众皇子都看向萧昕,齐王率先开口,“五弟,虽然你贵为太子,但二哥不得不提点你几句。”
萧昕道:“二哥请讲。”
齐王道:“这不管是男人还是女人,都不能太惯着,你往后是要当皇帝的,怎能让这等情爱小事影响占据你的心绪,若陷于情爱影响朝政大事,岂不因小失大。

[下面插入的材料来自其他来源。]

(* Let $k$ be a number field, $\mathcal G$ a finite group, $H$ a finite abelian group, $\mu:\mathcal G\to\mathrm{Aut}(H)$ an action, and $\tau\in H$. Then $G_{k,\mu,\tau}$ is a subgroup of $\mathrm{Gal}(k(\zeta_{o(\tau)})/k)$.
   Context: $o(\tau)$ is the order of $\tau$ and $\zeta_t$ a primitive $t$-th root of unity. $\nu_{k,\tau}:\mathrm{Gal}(k(\zeta_{o(\tau)})/k)\to(\mathbb Z/o(\tau))^*$ is given by $g(\zeta_{o(\tau)})=\zeta_{o(\tau)}^{\nu_{k,\tau}(g)}$, and $G_{k,\mu,\tau}=\{g\in\mathrm{Gal}(k(\zeta_{o(\tau)})/k):\exists g_1\in\mathcal G,\ \mu(g_1)(\tau)=\tau^{\nu_{k,\tau}(g)}\}$. *)

theory Defs
  imports "HOL-Analysis.Analysis" "HOL-Algebra.Algebra"
begin

text \<open>Subfields of the complex numbers (every number field embeds in the complex numbers).\<close>
definition cx_subfield :: "complex set \<Rightarrow> bool" where
  "cx_subfield K \<longleftrightarrow> 0 \<in> K \<and> 1 \<in> K \<and>
     (\<forall>x\<in>K. \<forall>y\<in>K. x + y \<in> K \<and> x * y \<in> K) \<and> (\<forall>x\<in>K. - x \<in> K) \<and>
     (\<forall>x\<in>K. x \<noteq> 0 \<longrightarrow> inverse x \<in> K)"

definition number_field :: "complex set \<Rightarrow> bool" where
  "number_field k \<longleftrightarrow> cx_subfield k \<and>
     (\<exists>B. finite B \<and> B \<subseteq> k \<and>
        (\<forall>x\<in>k. \<exists>c :: complex \<Rightarrow> rat. x = (\<Sum>b\<in>B. of_rat (c b) * b)))"

definition field_adjoin :: "complex set \<Rightarrow> complex set \<Rightarrow> complex set" where
  "field_adjoin k S = \<Inter>{K. cx_subfield K \<and> k \<union> S \<subseteq> K}"

definition zeta :: "nat \<Rightarrow> complex" where
  "zeta t = cis (2 * pi / real t)"

text \<open>Gal(K/k): field automorphisms of K fixing k pointwise (extended by the identity outside K).\<close>
definition Gal_set :: "complex set \<Rightarrow> complex set \<Rightarrow> (complex \<Rightarrow> complex) set" where
  "Gal_set K k = {\<sigma>. bij_betw \<sigma> K K \<and>
     (\<forall>x\<in>K. \<forall>y\<in>K. \<sigma> (x + y) = \<sigma> x + \<sigma> y \<and> \<sigma> (x * y) = \<sigma> x * \<sigma> y) \<and>
     (\<forall>x\<in>k. \<sigma> x = x) \<and> (\<forall>x. x \<notin> K \<longrightarrow> \<sigma> x = x)}"

definition Gal_group :: "complex set \<Rightarrow> complex set \<Rightarrow> (complex \<Rightarrow> complex) monoid" where
  "Gal_group K k = \<lparr>carrier = Gal_set K k, mult = (\<circ>), one = id\<rparr>"

definition cyc_char :: "nat \<Rightarrow> (complex \<Rightarrow> complex) \<Rightarrow> nat" where
  "cyc_char t g = (SOME a. a < t \<and> coprime a t \<and> g (zeta t) = zeta t ^ a)"

definition G_kmt ::
  "complex set \<Rightarrow> ('g, 'c) monoid_scheme \<Rightarrow> ('g \<Rightarrow> 'h \<Rightarrow> 'h) \<Rightarrow> ('h, 'd) monoid_scheme \<Rightarrow> 'h
     \<Rightarrow> (complex \<Rightarrow> complex) set" where
  "G_kmt k GG \<mu> H \<tau> =
     (let t = group.ord H \<tau> in
      {g \<in> Gal_set (field_adjoin k {zeta t}) k.
         \<exists>g1 \<in> carrier GG. \<mu> g1 \<tau> = \<tau> [^]\<^bsub>H\<^esub> cyc_char t g})"

end

theory Submission
  imports Defs "HOL-Number_Theory.Number_Theory"
begin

”
萧昕还没说话,晋王又开口了,“二弟说得在理,五弟,大丈夫志在四方,情爱一事不过是锦上添花。”
赵王倒是没说教,只嘀咕道:“浑身硬邦邦的壮汉,哪有娇软香滑的女子搂在怀里得意。”
萧昕面带微笑,“受教了。”
怀宁帝回过神来,宣太子、内阁首辅及六部尚书前往太和殿议政,其余人自行离去。
太和殿。
这次众人没有激烈讨论,自然而然定下了由姚廷潮领兵出军北蒙之事。
主将定下后,在商讨副将由谁担任时,萧昕道:“若赵王有意,可领副将之职。”
六部尚书齐齐看向萧昕,让堂堂王爷只领副将之职,他们是断不敢轻易开口提的,由太子开口倒是合适得多,只是他们以为太子会打压其他兄弟,却没想太子如此大度。
怀宁帝对萧昕的提议也很意外,问道:“太子先前不是说赵王不合适去攻打北蒙吗,怎么又举荐他去?”
萧昕道:“三哥武艺高强,虽更适合领兵打持久战,但北蒙部落多是分散而居,若有姚廷潮带骑兵奇袭突击,三哥带步兵善后,他们两人配合度得当的话,说不定能更快拿下北蒙。”
更何况赵王因为想领兵攻打北蒙之事拦了她十几回,她实在不想再在半路上被人拦住说半天了,让他去打北蒙,她还能清净不少时日。
北蒙出兵一事定下后,怀宁帝让萧昕伴驾回了福宁殿。
怀宁帝更衣出来,见萧昕把他的棋局搅得乱七八糟的,“快住手,朕找你过来不是让你陪朕下棋的。”
萧昕老实收手,端坐道:“不知父皇找儿臣是为何事?”
“你真喜欢那个姚廷潮?”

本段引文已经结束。